**DATA SECTION**

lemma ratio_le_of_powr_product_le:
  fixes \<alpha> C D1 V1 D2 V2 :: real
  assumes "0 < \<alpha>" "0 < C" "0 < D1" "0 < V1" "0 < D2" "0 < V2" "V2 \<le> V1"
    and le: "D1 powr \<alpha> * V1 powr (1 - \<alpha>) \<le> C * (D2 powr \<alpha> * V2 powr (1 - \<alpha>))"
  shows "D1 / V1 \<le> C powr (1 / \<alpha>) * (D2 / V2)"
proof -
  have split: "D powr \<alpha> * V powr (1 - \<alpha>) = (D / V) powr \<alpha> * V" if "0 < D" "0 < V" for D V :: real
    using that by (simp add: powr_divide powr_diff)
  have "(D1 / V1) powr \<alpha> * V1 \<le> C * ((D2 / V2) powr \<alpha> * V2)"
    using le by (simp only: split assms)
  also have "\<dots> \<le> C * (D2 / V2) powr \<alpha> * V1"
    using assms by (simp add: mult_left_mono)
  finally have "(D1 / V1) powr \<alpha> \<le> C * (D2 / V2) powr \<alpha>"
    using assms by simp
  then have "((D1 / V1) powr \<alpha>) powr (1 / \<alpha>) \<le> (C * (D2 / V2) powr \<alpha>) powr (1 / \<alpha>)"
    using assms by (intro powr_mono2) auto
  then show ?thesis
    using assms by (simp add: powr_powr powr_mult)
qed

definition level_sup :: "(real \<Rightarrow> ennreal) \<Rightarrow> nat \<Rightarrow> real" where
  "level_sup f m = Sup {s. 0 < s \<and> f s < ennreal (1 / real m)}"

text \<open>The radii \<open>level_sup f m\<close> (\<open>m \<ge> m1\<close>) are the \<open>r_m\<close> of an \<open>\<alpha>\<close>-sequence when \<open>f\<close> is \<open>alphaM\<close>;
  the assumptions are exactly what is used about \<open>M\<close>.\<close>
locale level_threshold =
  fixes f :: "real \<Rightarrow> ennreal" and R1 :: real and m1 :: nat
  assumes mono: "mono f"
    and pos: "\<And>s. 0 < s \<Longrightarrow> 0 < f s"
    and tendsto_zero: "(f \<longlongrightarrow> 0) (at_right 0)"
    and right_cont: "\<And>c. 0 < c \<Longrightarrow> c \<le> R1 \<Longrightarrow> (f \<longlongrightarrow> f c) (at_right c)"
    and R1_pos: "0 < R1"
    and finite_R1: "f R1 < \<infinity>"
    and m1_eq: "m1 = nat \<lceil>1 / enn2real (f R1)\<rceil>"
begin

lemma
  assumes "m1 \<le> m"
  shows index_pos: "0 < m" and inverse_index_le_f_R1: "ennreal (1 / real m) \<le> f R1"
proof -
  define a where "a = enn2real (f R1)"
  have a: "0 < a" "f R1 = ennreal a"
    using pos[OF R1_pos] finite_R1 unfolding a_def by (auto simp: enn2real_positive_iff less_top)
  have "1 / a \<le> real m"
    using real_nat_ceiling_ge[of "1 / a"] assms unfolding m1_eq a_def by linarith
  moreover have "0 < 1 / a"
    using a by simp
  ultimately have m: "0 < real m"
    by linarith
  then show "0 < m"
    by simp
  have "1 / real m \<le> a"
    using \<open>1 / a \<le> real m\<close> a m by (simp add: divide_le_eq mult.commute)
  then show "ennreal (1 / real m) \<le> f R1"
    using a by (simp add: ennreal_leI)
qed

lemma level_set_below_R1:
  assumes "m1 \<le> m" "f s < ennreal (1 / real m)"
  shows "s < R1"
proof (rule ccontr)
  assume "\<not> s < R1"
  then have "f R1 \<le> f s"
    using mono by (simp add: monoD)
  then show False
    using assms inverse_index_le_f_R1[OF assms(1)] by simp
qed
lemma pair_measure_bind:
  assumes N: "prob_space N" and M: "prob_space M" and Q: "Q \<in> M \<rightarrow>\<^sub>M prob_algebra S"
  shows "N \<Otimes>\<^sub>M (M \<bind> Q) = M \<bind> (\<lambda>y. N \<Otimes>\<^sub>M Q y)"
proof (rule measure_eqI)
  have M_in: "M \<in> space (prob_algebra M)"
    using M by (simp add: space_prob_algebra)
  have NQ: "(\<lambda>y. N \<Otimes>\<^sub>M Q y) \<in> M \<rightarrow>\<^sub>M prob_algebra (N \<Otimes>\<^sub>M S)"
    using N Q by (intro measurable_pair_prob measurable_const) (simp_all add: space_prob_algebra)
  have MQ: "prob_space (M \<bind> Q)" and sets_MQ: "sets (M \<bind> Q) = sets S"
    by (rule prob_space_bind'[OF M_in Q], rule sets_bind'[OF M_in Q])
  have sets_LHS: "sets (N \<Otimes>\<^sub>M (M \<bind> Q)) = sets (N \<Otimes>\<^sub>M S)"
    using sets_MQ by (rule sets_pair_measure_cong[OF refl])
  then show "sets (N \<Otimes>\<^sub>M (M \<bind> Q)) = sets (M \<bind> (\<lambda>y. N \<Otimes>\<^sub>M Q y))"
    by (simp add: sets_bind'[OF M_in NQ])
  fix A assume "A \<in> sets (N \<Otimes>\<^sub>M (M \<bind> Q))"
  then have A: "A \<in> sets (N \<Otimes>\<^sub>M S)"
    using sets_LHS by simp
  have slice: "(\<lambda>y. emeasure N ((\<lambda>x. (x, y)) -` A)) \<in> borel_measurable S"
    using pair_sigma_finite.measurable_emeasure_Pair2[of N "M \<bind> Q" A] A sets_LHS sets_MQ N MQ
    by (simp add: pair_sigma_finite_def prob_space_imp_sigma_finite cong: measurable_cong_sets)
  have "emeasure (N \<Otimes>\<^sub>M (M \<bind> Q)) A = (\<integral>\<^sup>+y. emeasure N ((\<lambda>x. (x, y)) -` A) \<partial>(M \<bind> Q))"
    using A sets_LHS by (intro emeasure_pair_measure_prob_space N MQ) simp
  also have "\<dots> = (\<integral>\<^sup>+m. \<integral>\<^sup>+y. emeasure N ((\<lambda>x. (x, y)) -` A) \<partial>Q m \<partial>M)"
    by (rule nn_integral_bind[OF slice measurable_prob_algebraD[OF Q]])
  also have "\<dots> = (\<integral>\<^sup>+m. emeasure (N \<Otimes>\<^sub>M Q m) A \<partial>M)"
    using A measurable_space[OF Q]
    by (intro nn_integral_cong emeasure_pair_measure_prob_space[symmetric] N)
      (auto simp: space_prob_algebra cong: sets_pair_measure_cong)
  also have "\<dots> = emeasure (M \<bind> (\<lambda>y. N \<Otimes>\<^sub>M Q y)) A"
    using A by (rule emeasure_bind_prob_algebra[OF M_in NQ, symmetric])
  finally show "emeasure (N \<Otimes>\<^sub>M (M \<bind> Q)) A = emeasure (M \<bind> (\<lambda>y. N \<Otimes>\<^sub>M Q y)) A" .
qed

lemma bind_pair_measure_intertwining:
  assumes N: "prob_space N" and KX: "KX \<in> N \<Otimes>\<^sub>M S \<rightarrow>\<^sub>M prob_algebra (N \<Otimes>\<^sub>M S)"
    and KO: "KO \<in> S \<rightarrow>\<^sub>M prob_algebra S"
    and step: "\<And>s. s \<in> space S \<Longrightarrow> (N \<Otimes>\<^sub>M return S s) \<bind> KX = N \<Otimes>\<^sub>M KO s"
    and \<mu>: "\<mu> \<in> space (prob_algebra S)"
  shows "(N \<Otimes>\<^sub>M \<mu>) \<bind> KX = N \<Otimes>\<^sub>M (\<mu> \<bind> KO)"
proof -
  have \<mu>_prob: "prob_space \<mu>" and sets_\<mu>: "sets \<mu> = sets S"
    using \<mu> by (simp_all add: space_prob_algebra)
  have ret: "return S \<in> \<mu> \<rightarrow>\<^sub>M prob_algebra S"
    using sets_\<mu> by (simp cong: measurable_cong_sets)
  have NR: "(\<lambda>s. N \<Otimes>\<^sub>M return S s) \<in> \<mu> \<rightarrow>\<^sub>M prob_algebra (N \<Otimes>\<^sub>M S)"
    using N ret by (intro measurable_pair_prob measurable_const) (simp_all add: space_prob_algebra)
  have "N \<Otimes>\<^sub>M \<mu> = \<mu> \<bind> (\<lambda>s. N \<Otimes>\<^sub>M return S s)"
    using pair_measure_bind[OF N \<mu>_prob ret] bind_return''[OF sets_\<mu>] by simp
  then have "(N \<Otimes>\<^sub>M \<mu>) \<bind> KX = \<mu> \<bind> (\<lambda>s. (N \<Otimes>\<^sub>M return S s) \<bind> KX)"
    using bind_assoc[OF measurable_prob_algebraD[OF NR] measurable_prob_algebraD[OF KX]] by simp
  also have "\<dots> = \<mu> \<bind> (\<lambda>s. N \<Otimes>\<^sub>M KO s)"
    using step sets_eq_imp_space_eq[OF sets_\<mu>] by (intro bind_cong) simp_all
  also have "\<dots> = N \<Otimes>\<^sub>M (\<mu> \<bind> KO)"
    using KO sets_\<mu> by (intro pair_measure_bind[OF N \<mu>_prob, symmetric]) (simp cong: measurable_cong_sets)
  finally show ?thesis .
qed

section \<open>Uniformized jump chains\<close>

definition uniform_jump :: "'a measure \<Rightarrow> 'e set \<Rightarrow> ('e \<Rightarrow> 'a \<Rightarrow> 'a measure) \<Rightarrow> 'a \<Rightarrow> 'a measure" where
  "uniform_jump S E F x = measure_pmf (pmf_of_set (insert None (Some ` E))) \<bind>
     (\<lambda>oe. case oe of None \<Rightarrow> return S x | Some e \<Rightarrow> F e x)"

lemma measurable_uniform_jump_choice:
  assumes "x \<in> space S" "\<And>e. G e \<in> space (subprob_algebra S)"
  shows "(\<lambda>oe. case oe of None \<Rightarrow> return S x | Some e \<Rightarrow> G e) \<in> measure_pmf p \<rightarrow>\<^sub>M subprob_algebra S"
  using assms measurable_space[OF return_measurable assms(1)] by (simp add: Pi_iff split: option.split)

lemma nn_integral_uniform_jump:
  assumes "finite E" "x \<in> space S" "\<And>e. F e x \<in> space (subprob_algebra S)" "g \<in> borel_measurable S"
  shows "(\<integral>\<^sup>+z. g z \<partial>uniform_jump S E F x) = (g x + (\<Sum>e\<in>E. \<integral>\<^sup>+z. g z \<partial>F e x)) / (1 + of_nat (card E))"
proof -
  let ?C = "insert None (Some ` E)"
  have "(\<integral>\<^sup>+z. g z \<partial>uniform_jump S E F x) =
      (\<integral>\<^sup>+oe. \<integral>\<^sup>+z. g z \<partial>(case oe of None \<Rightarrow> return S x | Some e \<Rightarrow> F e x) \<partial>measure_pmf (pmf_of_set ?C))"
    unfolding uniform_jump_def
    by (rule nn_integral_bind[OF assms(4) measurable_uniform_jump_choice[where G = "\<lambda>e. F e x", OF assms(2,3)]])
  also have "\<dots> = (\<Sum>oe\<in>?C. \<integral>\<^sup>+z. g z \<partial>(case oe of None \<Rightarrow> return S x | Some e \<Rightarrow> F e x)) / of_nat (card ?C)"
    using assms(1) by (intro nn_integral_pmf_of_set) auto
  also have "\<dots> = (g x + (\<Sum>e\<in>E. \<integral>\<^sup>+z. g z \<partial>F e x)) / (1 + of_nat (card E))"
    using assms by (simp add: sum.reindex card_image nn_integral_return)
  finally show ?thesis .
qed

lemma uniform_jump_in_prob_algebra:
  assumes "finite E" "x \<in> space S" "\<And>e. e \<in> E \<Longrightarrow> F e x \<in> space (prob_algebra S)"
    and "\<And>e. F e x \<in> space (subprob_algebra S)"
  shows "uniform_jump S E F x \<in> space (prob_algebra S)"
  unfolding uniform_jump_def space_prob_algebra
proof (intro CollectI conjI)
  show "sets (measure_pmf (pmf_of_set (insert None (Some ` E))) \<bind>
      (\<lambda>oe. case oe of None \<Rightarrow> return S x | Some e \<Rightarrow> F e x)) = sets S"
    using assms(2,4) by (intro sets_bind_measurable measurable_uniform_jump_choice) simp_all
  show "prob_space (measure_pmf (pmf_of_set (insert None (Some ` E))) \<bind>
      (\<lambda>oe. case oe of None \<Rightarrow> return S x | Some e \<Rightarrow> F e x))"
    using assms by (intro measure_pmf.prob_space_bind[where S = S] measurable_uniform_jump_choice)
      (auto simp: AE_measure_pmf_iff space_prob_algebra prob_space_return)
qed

--

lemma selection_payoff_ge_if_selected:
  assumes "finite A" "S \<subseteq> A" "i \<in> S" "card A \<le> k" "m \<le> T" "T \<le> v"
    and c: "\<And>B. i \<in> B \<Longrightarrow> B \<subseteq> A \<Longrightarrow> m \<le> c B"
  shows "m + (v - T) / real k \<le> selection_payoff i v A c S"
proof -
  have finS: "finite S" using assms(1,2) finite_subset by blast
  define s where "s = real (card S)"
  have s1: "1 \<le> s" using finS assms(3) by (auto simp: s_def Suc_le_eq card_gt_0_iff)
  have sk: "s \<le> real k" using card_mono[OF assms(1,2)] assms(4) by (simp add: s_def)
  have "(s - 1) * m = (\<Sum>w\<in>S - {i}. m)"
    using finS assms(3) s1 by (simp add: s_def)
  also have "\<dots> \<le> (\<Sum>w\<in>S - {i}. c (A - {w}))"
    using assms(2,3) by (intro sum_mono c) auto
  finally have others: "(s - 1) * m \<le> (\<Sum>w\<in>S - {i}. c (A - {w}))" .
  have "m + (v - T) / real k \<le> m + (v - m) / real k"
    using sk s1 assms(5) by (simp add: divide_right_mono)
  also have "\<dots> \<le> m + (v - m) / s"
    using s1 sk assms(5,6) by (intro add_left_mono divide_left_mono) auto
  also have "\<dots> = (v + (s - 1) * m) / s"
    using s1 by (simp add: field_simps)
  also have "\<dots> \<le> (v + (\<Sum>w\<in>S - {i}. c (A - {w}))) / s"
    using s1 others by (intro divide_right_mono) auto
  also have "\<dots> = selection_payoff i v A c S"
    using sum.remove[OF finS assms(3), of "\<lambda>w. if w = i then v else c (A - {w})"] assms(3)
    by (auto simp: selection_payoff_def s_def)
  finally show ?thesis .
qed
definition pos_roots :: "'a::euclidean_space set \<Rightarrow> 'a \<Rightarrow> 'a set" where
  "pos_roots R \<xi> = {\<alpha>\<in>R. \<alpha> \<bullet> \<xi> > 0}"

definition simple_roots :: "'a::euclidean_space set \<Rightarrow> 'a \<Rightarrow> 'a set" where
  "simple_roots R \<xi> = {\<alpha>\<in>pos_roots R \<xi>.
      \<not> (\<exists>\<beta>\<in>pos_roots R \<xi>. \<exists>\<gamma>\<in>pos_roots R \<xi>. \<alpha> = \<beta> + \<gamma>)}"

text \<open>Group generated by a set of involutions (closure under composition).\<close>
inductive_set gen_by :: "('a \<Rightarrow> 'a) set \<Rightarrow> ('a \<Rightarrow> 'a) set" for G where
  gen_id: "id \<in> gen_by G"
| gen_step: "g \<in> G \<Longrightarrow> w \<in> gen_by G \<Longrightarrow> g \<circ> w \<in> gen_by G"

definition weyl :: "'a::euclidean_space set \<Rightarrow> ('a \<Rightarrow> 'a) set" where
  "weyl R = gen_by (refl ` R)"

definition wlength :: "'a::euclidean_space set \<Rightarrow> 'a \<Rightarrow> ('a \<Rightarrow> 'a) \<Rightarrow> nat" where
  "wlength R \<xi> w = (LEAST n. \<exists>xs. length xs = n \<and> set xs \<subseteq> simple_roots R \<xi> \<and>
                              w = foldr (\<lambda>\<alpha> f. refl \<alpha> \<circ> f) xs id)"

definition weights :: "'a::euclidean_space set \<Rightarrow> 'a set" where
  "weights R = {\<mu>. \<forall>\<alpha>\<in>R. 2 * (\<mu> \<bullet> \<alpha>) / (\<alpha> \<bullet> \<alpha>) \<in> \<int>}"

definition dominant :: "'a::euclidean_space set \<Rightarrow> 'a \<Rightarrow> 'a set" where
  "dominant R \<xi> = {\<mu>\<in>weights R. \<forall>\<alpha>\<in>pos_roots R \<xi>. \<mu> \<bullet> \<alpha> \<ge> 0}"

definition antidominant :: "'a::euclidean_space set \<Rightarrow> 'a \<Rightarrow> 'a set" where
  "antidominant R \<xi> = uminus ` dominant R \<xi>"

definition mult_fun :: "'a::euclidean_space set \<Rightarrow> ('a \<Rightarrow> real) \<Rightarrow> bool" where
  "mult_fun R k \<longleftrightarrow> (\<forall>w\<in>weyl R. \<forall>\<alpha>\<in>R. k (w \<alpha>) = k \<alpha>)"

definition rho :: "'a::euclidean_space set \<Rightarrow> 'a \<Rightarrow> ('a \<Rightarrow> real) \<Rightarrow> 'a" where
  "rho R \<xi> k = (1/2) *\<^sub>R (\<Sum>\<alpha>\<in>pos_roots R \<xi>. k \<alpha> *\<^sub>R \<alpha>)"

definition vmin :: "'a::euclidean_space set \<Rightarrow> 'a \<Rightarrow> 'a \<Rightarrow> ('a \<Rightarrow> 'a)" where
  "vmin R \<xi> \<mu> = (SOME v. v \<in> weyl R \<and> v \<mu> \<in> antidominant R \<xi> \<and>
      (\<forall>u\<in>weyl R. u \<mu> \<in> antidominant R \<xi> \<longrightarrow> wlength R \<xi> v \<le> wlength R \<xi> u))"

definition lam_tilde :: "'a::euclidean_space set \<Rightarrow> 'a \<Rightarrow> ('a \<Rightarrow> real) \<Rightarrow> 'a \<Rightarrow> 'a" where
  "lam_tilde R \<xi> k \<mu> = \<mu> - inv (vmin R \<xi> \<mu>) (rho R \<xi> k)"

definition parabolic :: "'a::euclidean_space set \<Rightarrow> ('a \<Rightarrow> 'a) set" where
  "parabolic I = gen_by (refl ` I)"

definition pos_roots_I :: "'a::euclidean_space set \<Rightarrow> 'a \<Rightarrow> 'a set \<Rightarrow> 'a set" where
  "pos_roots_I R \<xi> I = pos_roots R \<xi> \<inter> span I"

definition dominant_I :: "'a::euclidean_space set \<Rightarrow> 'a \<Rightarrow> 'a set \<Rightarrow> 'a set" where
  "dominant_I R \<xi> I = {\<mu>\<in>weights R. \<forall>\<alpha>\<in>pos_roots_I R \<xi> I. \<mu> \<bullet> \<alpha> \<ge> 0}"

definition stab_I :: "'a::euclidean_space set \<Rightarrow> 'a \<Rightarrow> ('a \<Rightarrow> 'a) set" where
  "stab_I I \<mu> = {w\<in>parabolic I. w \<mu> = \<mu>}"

--

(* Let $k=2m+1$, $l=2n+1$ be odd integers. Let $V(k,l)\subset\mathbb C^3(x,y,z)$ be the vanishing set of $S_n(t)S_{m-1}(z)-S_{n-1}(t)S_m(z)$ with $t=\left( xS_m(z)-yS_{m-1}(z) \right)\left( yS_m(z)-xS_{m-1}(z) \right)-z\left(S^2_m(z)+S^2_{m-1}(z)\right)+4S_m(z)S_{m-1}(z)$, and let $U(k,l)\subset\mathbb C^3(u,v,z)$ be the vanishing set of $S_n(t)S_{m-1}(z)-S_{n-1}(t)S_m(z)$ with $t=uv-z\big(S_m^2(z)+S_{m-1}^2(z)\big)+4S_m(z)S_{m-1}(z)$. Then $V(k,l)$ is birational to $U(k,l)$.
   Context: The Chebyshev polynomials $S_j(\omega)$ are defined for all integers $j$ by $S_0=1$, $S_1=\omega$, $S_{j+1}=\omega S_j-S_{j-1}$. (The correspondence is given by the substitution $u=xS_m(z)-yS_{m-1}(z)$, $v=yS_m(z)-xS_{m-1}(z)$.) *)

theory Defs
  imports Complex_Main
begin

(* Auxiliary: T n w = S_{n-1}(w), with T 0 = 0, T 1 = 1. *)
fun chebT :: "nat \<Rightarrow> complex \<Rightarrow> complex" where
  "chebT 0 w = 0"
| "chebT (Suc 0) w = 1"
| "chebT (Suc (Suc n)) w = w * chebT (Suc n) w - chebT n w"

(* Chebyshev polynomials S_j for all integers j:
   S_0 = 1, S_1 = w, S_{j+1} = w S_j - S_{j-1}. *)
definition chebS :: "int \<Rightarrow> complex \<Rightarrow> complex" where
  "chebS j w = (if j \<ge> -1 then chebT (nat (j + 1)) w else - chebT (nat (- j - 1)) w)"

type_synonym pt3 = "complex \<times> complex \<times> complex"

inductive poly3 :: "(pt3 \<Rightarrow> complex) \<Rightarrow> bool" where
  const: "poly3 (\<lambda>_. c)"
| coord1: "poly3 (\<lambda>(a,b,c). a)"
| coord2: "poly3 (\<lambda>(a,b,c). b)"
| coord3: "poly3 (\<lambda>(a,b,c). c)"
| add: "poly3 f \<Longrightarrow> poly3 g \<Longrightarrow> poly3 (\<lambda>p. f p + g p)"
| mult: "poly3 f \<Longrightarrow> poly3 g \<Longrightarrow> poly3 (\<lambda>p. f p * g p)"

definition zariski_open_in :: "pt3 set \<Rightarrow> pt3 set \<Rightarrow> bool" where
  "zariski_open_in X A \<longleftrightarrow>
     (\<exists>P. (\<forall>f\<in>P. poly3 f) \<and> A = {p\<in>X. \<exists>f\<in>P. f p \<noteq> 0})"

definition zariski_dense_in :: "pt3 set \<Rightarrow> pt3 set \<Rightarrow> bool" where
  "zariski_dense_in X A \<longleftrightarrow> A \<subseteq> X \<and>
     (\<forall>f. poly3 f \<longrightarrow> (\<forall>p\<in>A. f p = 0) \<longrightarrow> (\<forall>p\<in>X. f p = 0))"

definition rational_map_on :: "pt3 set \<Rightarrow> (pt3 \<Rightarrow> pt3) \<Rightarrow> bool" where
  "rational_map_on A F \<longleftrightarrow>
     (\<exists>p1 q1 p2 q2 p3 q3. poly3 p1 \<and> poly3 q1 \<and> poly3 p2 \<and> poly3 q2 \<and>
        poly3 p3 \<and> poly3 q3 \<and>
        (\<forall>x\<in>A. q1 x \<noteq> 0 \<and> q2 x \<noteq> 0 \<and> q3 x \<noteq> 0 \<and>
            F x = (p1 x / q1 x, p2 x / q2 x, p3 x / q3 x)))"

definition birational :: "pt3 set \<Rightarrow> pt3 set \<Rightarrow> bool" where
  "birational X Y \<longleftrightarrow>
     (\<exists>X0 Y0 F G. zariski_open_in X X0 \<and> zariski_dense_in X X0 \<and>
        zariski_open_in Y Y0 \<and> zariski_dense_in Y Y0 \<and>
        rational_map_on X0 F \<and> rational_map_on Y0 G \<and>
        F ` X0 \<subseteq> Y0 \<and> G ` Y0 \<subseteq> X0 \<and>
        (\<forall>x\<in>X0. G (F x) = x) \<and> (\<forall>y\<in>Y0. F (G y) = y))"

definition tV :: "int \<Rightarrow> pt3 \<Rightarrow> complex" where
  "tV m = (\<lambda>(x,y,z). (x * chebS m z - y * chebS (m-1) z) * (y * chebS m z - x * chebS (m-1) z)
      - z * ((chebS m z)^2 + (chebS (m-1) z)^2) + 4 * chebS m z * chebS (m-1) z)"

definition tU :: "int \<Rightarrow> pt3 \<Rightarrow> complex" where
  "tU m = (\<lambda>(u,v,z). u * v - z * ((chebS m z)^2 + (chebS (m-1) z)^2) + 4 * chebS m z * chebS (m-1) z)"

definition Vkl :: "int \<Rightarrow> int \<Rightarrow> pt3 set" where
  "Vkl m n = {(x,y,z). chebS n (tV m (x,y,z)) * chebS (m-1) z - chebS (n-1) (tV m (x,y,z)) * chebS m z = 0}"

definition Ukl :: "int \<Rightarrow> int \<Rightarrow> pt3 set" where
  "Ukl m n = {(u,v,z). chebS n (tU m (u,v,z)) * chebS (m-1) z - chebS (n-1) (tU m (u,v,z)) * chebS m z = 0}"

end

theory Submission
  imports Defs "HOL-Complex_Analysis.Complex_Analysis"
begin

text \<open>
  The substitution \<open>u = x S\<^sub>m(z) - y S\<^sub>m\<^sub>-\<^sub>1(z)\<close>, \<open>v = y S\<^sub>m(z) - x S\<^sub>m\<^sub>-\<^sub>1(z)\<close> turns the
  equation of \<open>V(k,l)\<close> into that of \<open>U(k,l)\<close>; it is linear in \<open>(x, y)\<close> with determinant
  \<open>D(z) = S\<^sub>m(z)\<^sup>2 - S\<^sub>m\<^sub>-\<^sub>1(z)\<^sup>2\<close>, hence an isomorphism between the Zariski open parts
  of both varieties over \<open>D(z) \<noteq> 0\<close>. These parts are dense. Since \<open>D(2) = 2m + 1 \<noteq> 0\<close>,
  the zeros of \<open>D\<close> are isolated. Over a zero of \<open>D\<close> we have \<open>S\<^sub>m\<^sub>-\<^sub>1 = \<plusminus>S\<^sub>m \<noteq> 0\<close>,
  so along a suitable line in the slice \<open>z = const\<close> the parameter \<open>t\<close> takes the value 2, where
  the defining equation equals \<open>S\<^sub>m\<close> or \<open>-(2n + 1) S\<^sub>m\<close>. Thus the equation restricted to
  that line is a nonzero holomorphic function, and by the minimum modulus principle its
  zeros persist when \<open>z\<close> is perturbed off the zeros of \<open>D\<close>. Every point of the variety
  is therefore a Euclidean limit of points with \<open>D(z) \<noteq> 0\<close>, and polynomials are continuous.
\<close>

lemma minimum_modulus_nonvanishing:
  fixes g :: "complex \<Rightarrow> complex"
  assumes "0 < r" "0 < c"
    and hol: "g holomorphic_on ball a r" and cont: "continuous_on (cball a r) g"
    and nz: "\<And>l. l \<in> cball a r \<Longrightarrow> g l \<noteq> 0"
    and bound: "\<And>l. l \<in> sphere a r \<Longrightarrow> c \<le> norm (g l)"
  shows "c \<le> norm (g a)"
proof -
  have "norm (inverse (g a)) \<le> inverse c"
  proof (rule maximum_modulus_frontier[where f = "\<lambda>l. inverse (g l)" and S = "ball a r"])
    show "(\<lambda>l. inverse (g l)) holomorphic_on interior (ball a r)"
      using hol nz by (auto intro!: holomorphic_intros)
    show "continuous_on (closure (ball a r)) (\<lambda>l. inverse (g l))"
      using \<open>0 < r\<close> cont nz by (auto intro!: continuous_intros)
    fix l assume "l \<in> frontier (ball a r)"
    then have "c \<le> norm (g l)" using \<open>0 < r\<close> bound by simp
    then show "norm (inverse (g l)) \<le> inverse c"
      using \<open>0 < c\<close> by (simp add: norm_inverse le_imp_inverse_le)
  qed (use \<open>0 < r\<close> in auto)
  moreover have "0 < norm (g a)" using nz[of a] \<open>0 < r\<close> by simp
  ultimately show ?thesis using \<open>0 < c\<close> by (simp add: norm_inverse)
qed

**TASK**
Where a line in the listing above includes the string "unfolding", copy that line.

**EXERCISE RESULT**
    using pos[OF R1_pos] finite_R1 unfolding a_def by (auto simp: enn2real_positive_iff less_top)
    using real_nat_ceiling_ge[of "1 / a"] assms unfolding m1_eq a_def by linarith
    unfolding uniform_jump_def
  unfolding uniform_jump_def space_prob_algebra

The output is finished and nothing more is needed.